Give back only the line containing "z. hopf_S3 (\<phi>" and every line after it through the end of the data below, transcribed exactly.

[Data to use Boundary: Start]

lemma smooth_nu: "smooth nu"
  unfolding nu_def[abs_def]
  by (intro smooth_linear[OF bounded_linear_scaleR_right] smooth_add
      smooth_bilinear[OF bounded_bilinear_scaleR] smooth_bilinear[OF bounded_bilinear_wedge]
      smooth_exp smooth_linear[OF bounded_linear_mult_right] smooth_v smooth_phi smooth_dx_phi
      smooth_dy_phi smooth_N)

lemma differentiable_nu [simp]: "nu differentiable (at z)" "nu_x differentiable (at z)"
  "nu_y differentiable (at z)"
  using smooth_nu partials_nu by (metis smooth_differentiable smooth_dx smooth_dy)+

lemma lap_nu: "lap nu z = - (2 * (exp (2 * v z) + exp (- (2 * v z)))) *\<^sub>R nu z"
proof -
  have "lap nu z = dx nu_x z + dy nu_y z" by (simp add: lap_def partials_nu)
  also have "\<dots> = - (2 * (exp (2 * v z) + exp (- (2 * v z)))) *\<^sub>R nu z"
    unfolding nu_x_def[abs_def] nu_y_def[abs_def] nu_def
    by (simp add: structure_equations mixed_partials_phi vec_eq_iff_6)
      (insert exp_v_inverse(1)[of z] sin_cos_squared_add[of t], intro conjI; algebra)
  finally show ?thesis .
qed

lemma sqrt2_inverse_square: "(1 / sqrt 2) * (1 / sqrt 2) = (1 / 2 :: real)"
  by (simp add: real_sqrt_mult[symmetric])

lemmas inner_expand = inner_add_left inner_add_right inner_diff_left inner_diff_right
  inner_scaleR_left inner_scaleR_right inner_wedge frame_inner

lemma inner_nu:
  "nu z \<bullet> nu z = 1"
  "nu_x z \<bullet> nu_x z = exp (2 * v z) + 2 * cos t + exp (- (2 * v z))"
  "nu_y z \<bullet> nu_y z = exp (2 * v z) - 2 * cos t + exp (- (2 * v z))"
  "nu_x z \<bullet> nu_y z = - 2 * sin t"
  unfolding nu_def nu_x_def nu_y_def inner_expand
  using exp_v_inverse[of z] sin_cos_squared_add[of t] sqrt2_inverse_square
  by algebra+

text \<open>\<open>|\<star>(\<phi>\<^sub>x \<and> \<phi>\<^sub>y) - E \<phi> \<and> N|\<^sup>2 = E\<^sup>2 - 2 E det4 \<phi>\<^sub>x \<phi>\<^sub>y \<phi> N + E\<^sup>2 = 0\<close>, where \<open>E = exp (2 v)\<close>.\<close>
lemma hodge_wedge_tangent: "hodge (wedge (dx \<phi> z) (dy \<phi> z)) = exp (2 * v z) *\<^sub>R wedge (\<phi> z) (N z)"
proof -
  define d where "d = hodge (wedge (dx \<phi> z) (dy \<phi> z)) - exp (2 * v z) *\<^sub>R wedge (\<phi> z) (N z)"
  have "d \<bullet> d = hodge (wedge (dx \<phi> z) (dy \<phi> z)) \<bullet> hodge (wedge (dx \<phi> z) (dy \<phi> z))
     - 2 * exp (2 * v z) * det4 (dx \<phi> z) (dy \<phi> z) (\<phi> z) (N z)
     + exp (2 * v z) * exp (2 * v z) * (wedge (\<phi> z) (N z) \<bullet> wedge (\<phi> z) (N z))"
    unfolding d_def det4_eq_inner_hodge_wedge
    by (simp add: inner_diff_left inner_diff_right inner_commute algebra_simps)
  also have "\<dots> = 0"
    unfolding inner_hodge det4_frame inner_wedge frame_inner by simp
  finally show ?thesis unfolding d_def by simp
qed

lemma nu_self_dual: "hodge (nu z) = nu z"
proof -
  have "hodge (wedge (\<phi> z) (N z)) = exp (- (2 * v z)) *\<^sub>R wedge (dx \<phi> z) (dy \<phi> z)"
    using arg_cong[OF hodge_wedge_tangent[of z], of hodge] exp_v_inverse[of z]
    by (simp add: hodge_scaleR)
  then show ?thesis
    unfolding nu_def hodge_scaleR hodge_add hodge_wedge_tangent using exp_v_inverse[of z]
    by (simp add: algebra_simps)
qed

lemma nu_in_S2plus: "nu z \<in> S2plus"
  using nu_self_dual inner_nu(1) by (simp add: S2plus_def Lambda2plus_def norm_eq_1)

end

section \<open>The associated surface in \<open>S\<^sup>2 \<times> \<real>\<close>\<close>

lemma four_cosh_square: "4 * (cosh x)\<^sup>2 = exp (2 * x) + 2 + exp (- (2 * x :: real))"
  by (simp add: cosh_def power2_eq_square algebra_simps exp_add[symmetric])

context minimal_S3
begin

definition height :: "complex \<Rightarrow> real" where
  "height z = 2 * Im (z * exp (\<i> * complex_of_real t / 2))"

definition Phi :: "complex \<Rightarrow> (real^6) \<times> real" where
  "Phi z = (nu z, height z)"

lemma Phi_eq: "(\<lambda>z. (nu_plus \<phi> z, 2 * Im (z * exp (\<i> * complex_of_real t / 2)))) = Phi"
  by (simp add: fun_eq_iff Phi_def height_def nu_plus_eq)

lemma bounded_linear_height: "bounded_linear height"
  unfolding height_def[abs_def]
  by (intro bounded_linear_compose[OF bounded_linear_mult_right]
      bounded_linear_compose[OF bounded_linear_Im bounded_linear_mult_left])

lemma partials_Phi: "dx Phi z = (nu_x z, 2 * sin (t / 2))" "dy Phi z = (nu_y z, 2 * cos (t / 2))"
proof -
  have "height 1 = 2 * sin (t / 2)" "height \<i> = 2 * cos (t / 2)"
    by (simp_all add: height_def Re_exp Im_exp)
  then show "dx Phi z = (nu_x z, 2 * sin (t / 2))" "dy Phi z = (nu_y z, 2 * cos (t / 2))"
    unfolding Phi_def[abs_def] using bounded_linear_height
    by (simp_all add: dx_nu dy_nu dx_bounded_linear dy_bounded_linear bounded_linear_imp_differentiable)
qed

lemma smooth_Phi: "smooth Phi"
  unfolding Phi_def[abs_def]
  by (intro smooth_Pair smooth_nu smooth_bounded_linear bounded_linear_height)

lemma Phi_isometric: "isometric_immersion Phi (\<lambda>z. 4 * (cosh (v z))\<^sup>2)"
  unfolding isometric_immersion_def
proof (intro conjI allI smooth_Phi)
  fix z
  have "cos t = 1 - 2 * (sin (t/2))\<^sup>2" "cos t = 2 * (cos (t/2))\<^sup>2 - 1" "sin t = 2 * sin (t/2) * cos (t/2)"
    using cos_double_sin[of "t/2"] cos_double_cos[of "t/2"] sin_double[of "t/2"] by simp_all
  then show "dx Phi z \<bullet> dx Phi z = 4 * (cosh (v z))\<^sup>2" "dy Phi z \<bullet> dy Phi z = 4 * (cosh (v z))\<^sup>2"
    "dx Phi z \<bullet> dy Phi z = 0"
    unfolding partials_Phi four_cosh_square using inner_nu by (simp_all add: power2_eq_square)
qed simp

lemma Phi_isometric_minimal:
  "isometric_minimal_immersion (S2plus \<times> UNIV) TanS2R Phi (\<lambda>z. 4 * (cosh (v z))\<^sup>2)"
  unfolding isometric_minimal_immersion_def
proof (intro conjI allI impI Phi_isometric)
  fix z
  show "Phi z \<in> S2plus \<times> UNIV" using nu_in_S2plus by (simp add: Phi_def)
next
  fix z u
  assume "u \<in> TanS2R (Phi z) \<and> u \<bullet> dx Phi z = 0 \<and> u \<bullet> dy Phi z = 0"
  then have "fst u \<bullet> nu z = 0" by (simp add: TanS2R_def Phi_def)
  moreover have "dx Phi = (\<lambda>z. (nu_x z, 2 * sin (t / 2)))" "dy Phi = (\<lambda>z. (nu_y z, 2 * cos (t / 2)))"
    by (simp_all add: fun_eq_iff partials_Phi)
  ultimately show "lap Phi z \<bullet> u = 0"
    using lap_nu[of z] partials_nu unfolding lap_def by (cases u) (simp add: inner_commute)
qed

lemma Phi_hopf: "hopf_S2R Phi z = exp (\<i> * complex_of_real t)"
proof -
  have "(\<lambda>w. fst (Phi w)) = nu" by (simp add: fun_eq_iff Phi_def)
  then have "hopf_S2R Phi z = Complex ((nu_x z \<bullet> nu_x z - nu_y z \<bullet> nu_y z) / 4) (- (nu_x z \<bullet> nu_y z) / 2)"
    unfolding hopf_S2R_def dz_def cbil_def by (simp add: dx_nu dy_nu inner_commute)
  then show ?thesis
    unfolding inner_nu by (simp add: complex_eq_iff Re_exp Im_exp)
qed

lemma associated_surface:
  "isometric_minimal_immersion (S2plus \<times> UNIV) TanS2R
     (\<lambda>z. (nu_plus \<phi> z, 2 * Im (z * exp (\<i> * complex_of_real t / 2)))) (\<lambda>z. 4 * (cosh (v z))\<^sup>2)
   \<and> (\<forall>z. hopf_S2R (\<lambda>z. (nu_plus \<phi> z, 2 * Im (z * exp (\<i> * complex_of_real t / 2)))) z
          = exp (\<i> * complex_of_real t))"
  unfolding Phi_eq using Phi_isometric_minimal Phi_hopf by blast

end

theorem corollary5p5:
  fixes v :: "complex \<Rightarrow> real" and \<phi> :: "real \<Rightarrow> complex \<Rightarrow> real^4"
  assumes v_smooth: "smooth v"
    and v_eq: "\<forall>z. lap v z / 4 + sinh (2 * v z) / 2 = 0"
    and phi_min: "\<forall>t. isometric_minimal_immersion S3 TanS3 (\<phi> t) (\<lambda>z. exp (2 * v z))"
    and phi_hopf: "\<forall>t z. hopf_S3 (\<phi> t) z = \<i> / 2 * exp (\<i> * complex_of_real t)"
  shows "\<forall>t. isometric_minimal_immersion (S2plus \<times> UNIV) TanS2R
              (\<lambda>z. (nu_plus (\<phi> t) z, 2 * Im (z * exp (\<i> * complex_of_real t / 2))))
              (\<lambda>z. 4 * (cosh (v z))\<^sup>2)
           \<and> (\<forall>z. hopf_S2R (\<lambda>z. (nu_plus (\<phi> t) z, 2 * Im (z * exp (\<i> * complex_of_real t / 2)))) z
                  = exp (\<i> * complex_of_real t))"
proof -
  have "minimal_S3 (\<phi> t) v t" for t
    using v_smooth phi_min phi_hopf by unfold_locales auto
  then show ?thesis
    using minimal_S3.associated_surface by blast
qed

end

[Data to use Boundary: End]

• Reply
    and phi_hopf: "\<forall>t z. hopf_S3 (\<phi> t) z = \<i> / 2 * exp (\<i> * complex_of_real t)"
  shows "\<forall>t. isometric_minimal_immersion (S2plus \<times> UNIV) TanS2R
              (\<lambda>z. (nu_plus (\<phi> t) z, 2 * Im (z * exp (\<i> * complex_of_real t / 2))))
              (\<lambda>z. 4 * (cosh (v z))\<^sup>2)
           \<and> (\<forall>z. hopf_S2R (\<lambda>z. (nu_plus (\<phi> t) z, 2 * Im (z * exp (\<i> * complex_of_real t / 2)))) z
                  = exp (\<i> * complex_of_real t))"
proof -
  have "minimal_S3 (\<phi> t) v t" for t
    using v_smooth phi_min phi_hopf by unfold_locales auto
  then show ?thesis
    using minimal_S3.associated_surface by blast
qed

end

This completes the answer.